- Country: United States
- Language: English

Publication
- Published in: Every Week Magazine
- Publication date: March 5, 1917

Chronology
| Trifles | — |

= A Jury of Her Peers =

"A Jury of Her Peers", written in 1917, is a short story by Susan Glaspell, loosely based on the 1900 murder of John Hossack (not to be confused with the famed abolitionist), which Glaspell covered while working as a journalist for the Des Moines Daily News. It is seen as an example of early feminist literature because two female characters are able to solve a mystery that the male characters cannot. They are aided by their knowledge of women's psychology.
Glaspell originally wrote the story as a one-act play entitled Trifles for the Provincetown Players in 1916.

The story was adapted into an episode of the 1950s TV series Alfred Hitchcock Presents. It was also adapted into a 30-minute film, starring Diane de Lorian as Mrs. Hale, by Sally Heckel in 1980. The film was nominated for an Academy Award for Best Live Action Short Film.

==Plot summary==
"A Jury of Her Peers" is about the discovery of and subsequent investigation of John Wright's murder. The story begins on a cold, windy day in fictional Dickson County, with Martha Hale being abruptly called to ride to the scene of Wright's murder. In the buggy is Lewis Hale, her husband; Sheriff Peters, the county sheriff; and Mrs. Peters, the sheriff's wife. She rushes out to join them in the buggy, and the group sets off. They arrive at the crime scene: the Wrights' lonesome-looking house. Immediately, Mrs. Hale exhibits a feeling of guilt for not visiting her friend Minnie Foster after her marriage to Mr. Wright twenty years prior. Once the whole group is safely inside the house, Mr. Hale is asked to describe to the county attorney what he had seen and experienced the day prior.
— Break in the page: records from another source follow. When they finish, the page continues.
(* If all roots of H lie on the unit circle, then |h0| = |2 h_n| (Vieta), so h_n = h0/2.
   For |xi| = 1, averaging Re H * conj(z)^m over the n points z with z^n = xi^n isolates
   h_m + conj(h_(n-m)) conj(w), w = xi^n, while the plain average of Re H >= 0 over the same
   points is h0 (1 + Re w). Hence |h_m + conj(h_(n-m)) conj(w)| <= h0 (1 + Re w) on the whole
   circle (Re H >= 0 there by continuity), and letting w tend to -1 forces h_m = 0 for
   0 < m < n. *)

lemma sum_roots_unity_power:
  assumes "n > 0"
  shows "(\<Sum>j<n. cis (2 * pi * real j / n) ^ d) = (if n dvd d then of_nat n else 0)"
proof -
  define \<omega> where "\<omega> = cis (2 * pi * d / n)"
  have powers: "cis (2 * pi * j / n) ^ d = \<omega> ^ j" for j :: nat
    by (simp add: \<omega>_def Complex.DeMoivre mult_ac)
  show ?thesis
  proof (cases "n dvd d")
    case True
    then obtain q where "d = n * q" by blast
    then have "2 * pi * real d / n = 2 * pi * real q"
      using assms by simp
    then have "\<omega> = 1"
      unfolding \<omega>_def by (metis Ints_of_nat cis_multiple_2pi)
    then show ?thesis
      using True by (simp add: powers)
  next
    case False
    have "\<omega> \<noteq> 1"
    proof
      assume "\<omega> = 1"
      then obtain k :: int where "2 * pi * d / n = of_int k * 2 * pi"
        by (auto simp: \<omega>_def complex_eq_iff cos_one_2pi_int)
      then have "real_of_int (int d) = real_of_int (k * int n)"
        using assms by (simp add: field_simps)
      then show False
        using False by (metis of_int_eq_iff dvd_triv_right int_dvd_int_iff)
    qed
    moreover have "\<omega> ^ n = 1"
      using assms by (simp add: \<omega>_def Complex.DeMoivre)
    ultimately show ?thesis
      using False by (simp add: powers geometric_sum)
  qed
qed
(* Let $\beta\in(0,1)$ and $\alpha\ge1$. Then $$\sum_{n\ge1}\frac{\alpha^{n-1}}{\Gamma(n(1-\beta))}\le\frac{\beta+1}{1-\beta}\,\alpha^{\frac{1+\beta}{1-\beta}}+\frac{\alpha^{\frac{2}{1-\beta}}\exp\!\big(\alpha^{\frac{1}{1-\beta}}\big)}{1-\beta}.$$
   Context: $\Gamma$ denotes Euler's Gamma function. *)

theory Defs
  imports "HOL-Analysis.Analysis"
begin

end

theory Submission
  imports Defs
begin

(*
  Put g = 1 - beta and x = alpha powr (1/g): the n-th term becomes x^(ng) / Gamma((n+1)g), and the
  claim reads g * sum <= (2 - g) x^(2-g) + x^2 e^x.  Let N = floor(2/g).  For n < N the power is at
  most x^(2-g), and the tangent lines of the convex function ln Gamma at 1 and 2 bound 1/Gamma on
  (0, 2] well enough that g * sum_{n<N} 1/Gamma((n+1)g) <= 1 + (N - 1) g.  For n >= N, g times the
  n-th term is at most the decrease on [ng, (n+1)g] of the piecewise linear function P with
  P(k) = x^2 sum_{i >= k-1} x^i/i!, whose slope on [k, k+1] is -x^(k+1)/(k-1)!.  So the tail
  telescopes to at most P(Ng) = x^2 e^x - (Ng - 1) x^2, and the two parts combine because Ng >= 1.
*)

lemma Gamma_real_ge_exp_tangent:
  fixes a t :: real
  assumes "0 < a" "0 < t"
  shows "Gamma a * exp (Digamma a * (t - a)) \<le> Gamma t"
proof -
  have "((ln \<circ> Gamma) has_real_derivative Digamma a) (at a within {0<..})"
    using assms by (auto intro!: derivative_eq_intros simp: o_def Gamma_real_pos_exp)
  then have "Digamma a * (t - a) \<le> ln (Gamma t) - ln (Gamma a)"
    using convex_on_imp_above_tangent[OF log_convex_Gamma_real] assms
    by (simp add: interior_open)
  then have "exp (Digamma a * (t - a)) \<le> exp (ln (Gamma t) - ln (Gamma a))"
    by simp
  also have "\<dots> = Gamma t / Gamma a"
    using assms by (simp add: exp_diff)
  finally show ?thesis
    using assms by (simp add: le_divide_eq mult.commute)
qed

lemma inverse_Gamma_real_le_exp_tangent:
  fixes a t :: real
  assumes "0 < a" "0 < t"
  shows "1 / Gamma t \<le> exp (- Digamma a * (t - a)) / Gamma a"
proof -
  have "1 / Gamma t \<le> 1 / (Gamma a * exp (Digamma a * (t - a)))"
    using Gamma_real_ge_exp_tangent[OF assms] assms by (intro divide_left_mono) auto
  also have "\<dots> = exp (- Digamma a * (t - a)) / Gamma a"
    by (simp add: exp_minus divide_inverse mult.commute)
  finally show ?thesis .
qed

lemma inverse_Gamma_real_le_exp_tangent_at_1:
  fixes t :: real
  assumes "0 < t"
  shows "1 / Gamma t \<le> exp (euler_mascheroni * (t - 1))"
  using inverse_Gamma_real_le_exp_tangent[of 1 t] assms by simp

lemma inverse_Gamma_real_le_exp_tangent_at_2:
  fixes t :: real
  assumes "0 < t"
  shows "1 / Gamma t \<le> exp ((1 - euler_mascheroni) * (2 - t))"
proof -
  have Gamma_2: "Gamma (2::real) = 1" and Digamma_2: "Digamma (2::real) = 1 - euler_mascheroni"
    using Gamma_fact[of 1, where 'a = real] Digamma_plus1[of "1::real"] by simp_all
  show ?thesis
    using inverse_Gamma_real_le_exp_tangent[of 2 t] assms
    unfolding Gamma_2 Digamma_2 by (simp add: algebra_simps)
qed

lemma inverse_Gamma_real_le_1:
  fixes t :: real
  assumes "0 < t" "t \<le> 1"
  shows "1 / Gamma t \<le> 1"
proof -
  have "euler_mascheroni * (t - 1) \<le> 0"
    using euler_mascheroni_pos assms by (intro mult_nonneg_nonpos) auto
  then show ?thesis
    using inverse_Gamma_real_le_exp_tangent_at_1[OF assms(1)] by (meson exp_le_one_iff order_trans)
qed

lemma inverse_Gamma_real_le_quadratic_at_1:
  fixes t :: real
  assumes "1 \<le> t" "t \<le> 2"
  shows "1 / Gamma t \<le> 1 + (t - 1) + (t - 1)^2"
proof -
  have "1 / Gamma t \<le> exp (euler_mascheroni * (t - 1))"
    using inverse_Gamma_real_le_exp_tangent_at_1[of t] assms by simp
  also have "\<dots> \<le> exp (t - 1)"
    using euler_mascheroni_less_13_over_22 assms mult_right_mono[of euler_mascheroni 1 "t - 1"]
    by simp
  also have "\<dots> \<le> 1 + (t - 1) + (t - 1)^2"
    using exp_bound[of "t - 1"] assms by simp
  finally show ?thesis .
qed

lemma inverse_Gamma_real_le_quadratic_at_2:
  fixes t :: real
  assumes "0 < t" "t \<le> 2"
  shows "1 / Gamma t \<le> 1 + (2 - t) / 2 + ((2 - t) / 2)^2"
proof -
  have "1 / Gamma t \<le> exp ((1 - euler_mascheroni) * (2 - t))"
    using inverse_Gamma_real_le_exp_tangent_at_2[of t] assms by simp
  also have "\<dots> \<le> exp ((2 - t) / 2)"
    using euler_mascheroni_gt_19_over_33 assms
      mult_right_mono[of "1 - euler_mascheroni" "1/2" "2 - t"]
    by simp
  also have "\<dots> \<le> 1 + (2 - t) / 2 + ((2 - t) / 2)^2"
    using exp_bound[of "(2 - t) / 2"] assms by simp
  finally show ?thesis .
qed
Despite the serious circumstances, he delivers his story in a long-winded and poorly thought-out manner, tendencies he struggles to avoid throughout: The story begins with Mr. Hale venturing to Mr. Wright's house to convince Wright to get a telephone. Upon entering the house, he finds Mrs. Wright in a delirious state and comes to learn that Mr. Wright has allegedly been strangled.

The women's curious natures and very peculiar attention to minute details allow them to find evidence of Mrs. Wright's guilt and of her provocations and motives. Meanwhile, the men are unable to procure any evidence. The women find the one usable piece of evidence: a dead bird in a box. It's stated that Minnie used to love to sing, but her husband didn't allow her to, so instead, she brought a bird who sang instead. But now finding her bird dead with a broken neck, it is evident that Mr. Wright killed the bird, leading Mrs. Wright to strangle her husband in a similar manner. Mrs. Hale and Mrs. Peters use their knowledge and experience as two "midwestern rural women" to understand Mrs. Wright's suffering when the only living thing around her has died. The women find justification in Mrs. Wright’s actions and go about hiding what they find from the men. In the end, their obstruction of evidence will seemingly prevent a conviction.

== Themes ==
Scholars have stated that themes covered in Susan Glaspell's A Jury of Her Peers explore the concepts of good and bad, law vs justice, and the world of men vs the world of women. Scholar Leonard Mustazza has stated that in the story Glaspell explores the concept of good and bad in her writing by making the detectives out to be typical heroes of justice via their stating that they wouldn't rest until they find the murderer of John Wright. J. Madison Davis has commented on the same concept, noting that while the women's actions were not conventionally good, the cruelty inflicted by John Wright and the sheriff's choice to ignore this cruelty justify their actions and silence. Mustazza has commented on the topic of law versus justice, noting that the male characters were focused on following the law while the female characters were trying to pursue justice. He further wrote that the men's behaviors showed the differences between the characters, as they didn't acknowledge the abuse the wife suffered and instead criticized her housekeeping skills.